On a écrit bien des pages déjà sur cet homme et son fils, Henri Louis Jaquet-Droz, sur les chefs-d'œuvre qu'ils ont créés en mécanique. Et comme ces artistes sont morts depuis plus de cent ans, il s'est formé une légende qui les entoure comme d'une résille et dont leur gloire n'a pas besoin.

Leur histoire, allégée des aventures extraordinaires qu'on leur -a prêtées gratuitement et des exagérations que la tradition nous apporte, demeure captivante.

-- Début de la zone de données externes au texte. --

(* Let $r,k\in\mathbb Z$ with $0\le k\le r$ and suppose Assumption (A1) holds. Then for every $\hat v\in C^{k_{\mathcal J}+1}([-1,1])$ the conditions (J1)–(J3) below determine a unique polynomial $\widehat{\mathcal J}\hat v\in P_r([-1,1])$, i.e. $\widehat{\mathcal J}$ is well defined. Moreover, if $\widehat{\mathcal I}$ preserves polynomials up to degree $\tilde r$ (i.e. $\widehat{\mathcal I}p=p$ for all $p\in P_{\tilde r}([-1,1])$), then $\widehat{\mathcal J}$ preserves polynomials up to degree $\min\{\tilde r+1,r\}$.
   Context: $P_s(J)$ denotes polynomials of degree at most $s$ on $J$; $\delta_{i,j}$ is the Kronecker symbol; $\lfloor\cdot\rfloor$ is the floor function (so $\lfloor (k-1)/2\rfloor=-1$ for $k=0$); sums with upper limit below the lower limit are empty. $\widehat{\mathscr I}$ is a linear functional (the reference integrator) and $\widehat{\mathcal I}$ a linear operator (the reference approximation operator); $k_{\mathscr I}\ge0$ and $k_{\mathcal I}\ge0$ are the smallest integers such that $\widehat{\mathscr I}$ is well defined on $C^{k_{\mathscr I}}([-1,1])$ and $\widehat{\mathcal I}$ is well defined on $C^{k_{\mathcal I}}([-1,1])$; moreover $\widehat{\mathcal I}\hat v\in C^{l}([-1,1])$ whenever $\hat v\in C^{\max\{k_{\mathcal I},l\}}([-1,1])$. Set $k_{\mathcal J}:=\max\{\lfloor k/2\rfloor-1,k_{\mathscr I},k_{\mathcal I}\}$. Assumption (A1): whenever $\hat\psi\in P_{r-\max\{1,k\}}([-1,1])$ satisfies $\widehat{\mathscr I}\big[(1-\hat t)^{\lfloor k/2\rfloor}(1+\hat t)^{|\lfloor (k-1)/2\rfloor|}\hat\psi\,\hat\varphi\big]=0$ for all $\hat\varphi\in P_{r-\max\{1,k\}}([-1,1])$, then $\hat\psi\equiv0$. Definition of $\widehat{\mathcal J}\hat v\in P_r([-1,1])$: (J1) if $k\ge1$: $(\widehat{\mathcal J}\hat v)^{(i)}(-1)=\hat v^{(i)}(-1)$ for $i=0,\dots,\lfloor (k-1)/2\rfloor$; (J2) if $k\ge2$: $(\widehat{\mathcal J}\hat v)^{(i)}(1)=\hat v^{(i)}(1)$ for $i=1,\dots,\lfloor k/2\rfloor$; (J3) $\widehat{\mathscr I}[(\widehat{\mathcal J}\hat v)'\hat\varphi]+\delta_{0,k}(\widehat{\mathcal J}\hat v)(-1)\hat\varphi(-1)=\widehat{\mathscr I}[(\widehat{\mathcal I}(\hat v'))\hat\varphi]+\delta_{0,k}\hat v(-1)\hat\varphi(-1)$ for all $\hat\varphi\in P_{r-k}([-1,1])$. *)

theory Defs
  imports "HOL-Analysis.Analysis" "HOL-Computational_Algebra.Polynomial"
begin

definition cderiv :: "(real \<Rightarrow> real) \<Rightarrow> real \<Rightarrow> real" where
  "cderiv f = (\<lambda>x. vector_derivative f (at x within {-1..1}))"

definition cdiff :: "nat \<Rightarrow> (real \<Rightarrow> real) \<Rightarrow> real \<Rightarrow> real" where
  "cdiff n f = (cderiv ^^ n) f"

definition Ck :: "nat \<Rightarrow> (real \<Rightarrow> real) \<Rightarrow> bool" where
  "Ck k f \<longleftrightarrow>
     (\<forall>i\<le>k. continuous_on {-1..1} (cdiff i f)) \<and>
     (\<forall>i<k. \<forall>x\<in>{-1..1}. (cdiff i f has_real_derivative cdiff (Suc i) f x) (at x within {-1..1}))"

definition inP :: "int \<Rightarrow> real poly \<Rightarrow> bool" where
  "inP s p \<longleftrightarrow> (if s < 0 then p = 0 else int (degree p) \<le> s)"

text \<open>The exponent |floor((k-1)/2)| (equal to 1 for k = 0).\<close>
definition absfl :: "nat \<Rightarrow> nat" where
  "absfl k = (if k = 0 then 1 else (k - 1) div 2)"

definition A1 :: "nat \<Rightarrow> nat \<Rightarrow> ((real \<Rightarrow> real) \<Rightarrow> real) \<Rightarrow> bool" where
  "A1 r k Iscr \<longleftrightarrow>
     (\<forall>\<psi>. inP (int r - int (max 1 k)) \<psi> \<longrightarrow>
        (\<forall>\<phi>. inP (int r - int (max 1 k)) \<phi> \<longrightarrow>
            Iscr (\<lambda>t. (1 - t) ^ (k div 2) * (1 + t) ^ absfl k * poly \<psi> t * poly \<phi> t) = 0)
        \<longrightarrow> \<psi> = 0)"

definition J_conds :: "nat \<Rightarrow> nat \<Rightarrow> ((real \<Rightarrow> real) \<Rightarrow> real) \<Rightarrow>
    ((real \<Rightarrow> real) \<Rightarrow> (real \<Rightarrow> real)) \<Rightarrow> (real \<Rightarrow> real) \<Rightarrow> real poly \<Rightarrow> bool" where
  "J_conds r k Iscr Ical v q \<longleftrightarrow>
     (1 \<le> k \<longrightarrow> (\<forall>i\<le>(k - 1) div 2. poly ((pderiv ^^ i) q) (-1) = cdiff i v (-1))) \<and>
     (2 \<le> k \<longrightarrow> (\<forall>i\<in>{1..k div 2}. poly ((pderiv ^^ i) q) 1 = cdiff i v 1)) \<and>
     (\<forall>\<phi>. inP (int r - int k) \<phi> \<longrightarrow>
        Iscr (\<lambda>t. poly (pderiv q) t * poly \<phi> t)
          + (if k = 0 then poly q (-1) * poly \<phi> (-1) else 0)
        = Iscr (\<lambda>t. Ical (cdiff 1 v) t * poly \<phi> t)
          + (if k = 0 then v (-1) * poly \<phi> (-1) else 0))"

definition Jhat :: "nat \<Rightarrow> nat \<Rightarrow> ((real \<Rightarrow> real) \<Rightarrow> real) \<Rightarrow>
    ((real \<Rightarrow> real) \<Rightarrow> (real \<Rightarrow> real)) \<Rightarrow> (real \<Rightarrow> real) \<Rightarrow> real poly" where
  "Jhat r k Iscr Ical v = (THE q. degree q \<le> r \<and> J_conds r k Iscr Ical v q)"

end

theory Submission
  imports Defs
begin

text \<open>
  Conditions (J1)-(J3) are (k + 1) div 2 + k div 2 + (r - k + 1) = r + 1 linear equations for
  q in P_r, so they determine q uniquely as soon as the homogeneous system has only the trivial
  solution. If q solves it, the vanishing derivatives at -1 and 1 give
  q' = (1 - t)^(k div 2) (1 + t)^((k - 1) div 2) \<psi> with \<psi> in P_(r-k), and the homogeneous (J3)
  is exactly the hypothesis of (A1) for \<psi>; hence q' = 0, and q(-1) = 0 gives q = 0.
  For k = 0 one tests (J3) with (1 + t) \<phi> to reach (A1), and then with 1 to get q(-1) = 0.
  If I-hat reproduces p', then p itself satisfies (J1)-(J3), so J-hat reproduces p.
\<close>

section \<open>Smooth functions on the reference interval\<close>

lemma cdiff_0 [simp]: "cdiff 0 f = f"
  by (simp add: cdiff_def)

lemma cdiff_Suc: "cdiff (Suc i) f = cderiv (cdiff i f)"
  by (simp add: cdiff_def)

lemma cdiff_cdiff_1: "cdiff i (cdiff 1 f) = cdiff (Suc i) f"
  by (simp add: cdiff_def funpow_Suc_right del: funpow.simps)

lemma Ck_derivative_chain:
  assumes g0: "\<forall>x\<in>{-1..1}. g 0 x = f x"
    and gc: "\<forall>i\<le>n. continuous_on {-1..1} (g i)"
    and gd: "\<forall>i<n. \<forall>x\<in>{-1..1}. (g i has_real_derivative g (Suc i) x) (at x within {-1..1})"
  shows "Ck n f \<and> (\<forall>i\<le>n. \<forall>x\<in>{-1..1}. cdiff i f x = g i x)"
proof -
  have deriv: "(cdiff i f has_real_derivative g (Suc i) x) (at x within {-1..1})"
    if "i < n" "x \<in> {-1..1}" "\<forall>y\<in>{-1..1}. cdiff i f y = g i y" for i x
    using has_field_derivative_transform_within[where d=1, OF gd[rule_format, OF that(1,2)] _ that(2)] that(3)
    by simp
  have eq: "\<forall>x\<in>{-1..1}. cdiff i f x = g i x" if "i \<le> n" for i
    using that
  proof (induction i)
    case 0
    then show ?case using g0 by simp
  next
    case (Suc i)
    show ?case
    proof
      fix x :: real
      assume x: "x \<in> {-1..1}"
      have "(cdiff i f has_real_derivative g (Suc i) x) (at x within {-1..1})"
        using Suc x by (intro deriv) auto
      then have "vector_derivative (cdiff i f) (at x within {-1..1}) = g (Suc i) x"
        using x by (intro vector_derivative_within_closed_interval)
          (auto simp: has_real_derivative_iff_has_vector_derivative)
      then show "cdiff (Suc i) f x = g (Suc i) x"
        by (simp add: cdiff_Suc cderiv_def)
    qed
  qed
  have "Ck n f"
    unfolding Ck_def
  proof (intro conjI allI impI ballI)
    fix i
    assume "i \<le> n"
    then show "continuous_on {-1..1} (cdiff i f)"
      using continuous_on_eq gc eq by (metis (no_types, lifting))
  next
    fix i x
    assume "i < n" and "x \<in> {-1..(1::real)}"
    then show "(cdiff i f has_real_derivative cdiff (Suc i) f x) (at x within {-1..1})"
      using deriv eq[of i] eq[of "Suc i"] by simp
  qed
  with eq show ?thesis by blast
qed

L'exposition des automates Jaquet-Droz, organisée sous les auspices de là Société d'histoire du canton de Neuchâtel, fournit l'occasion de présenter à nou­veau ces hommes et leur œuvre, en-utilisant des sources sérieuses d'information. Les portefeuilles des musées et des collectionneurs contiennent des docu­ments fort intéressants; puis des archives de famille ont bien voulu s'entr'ouvrir, ce qui fut d'un grand secours.

Pierre Jaquet-Droz, communier du Locle et de la Chaux-de-Fonds, bourgeois de Valangin, est né à la Chaux-de-Fonds le 28 juillet 1721. Ses parents, culti­vateurs aisés, remarquèrent l'intelligence précoce de l'enfant et son goût pour l'étude ; ils eurent l'ambition d'en faire un ministre.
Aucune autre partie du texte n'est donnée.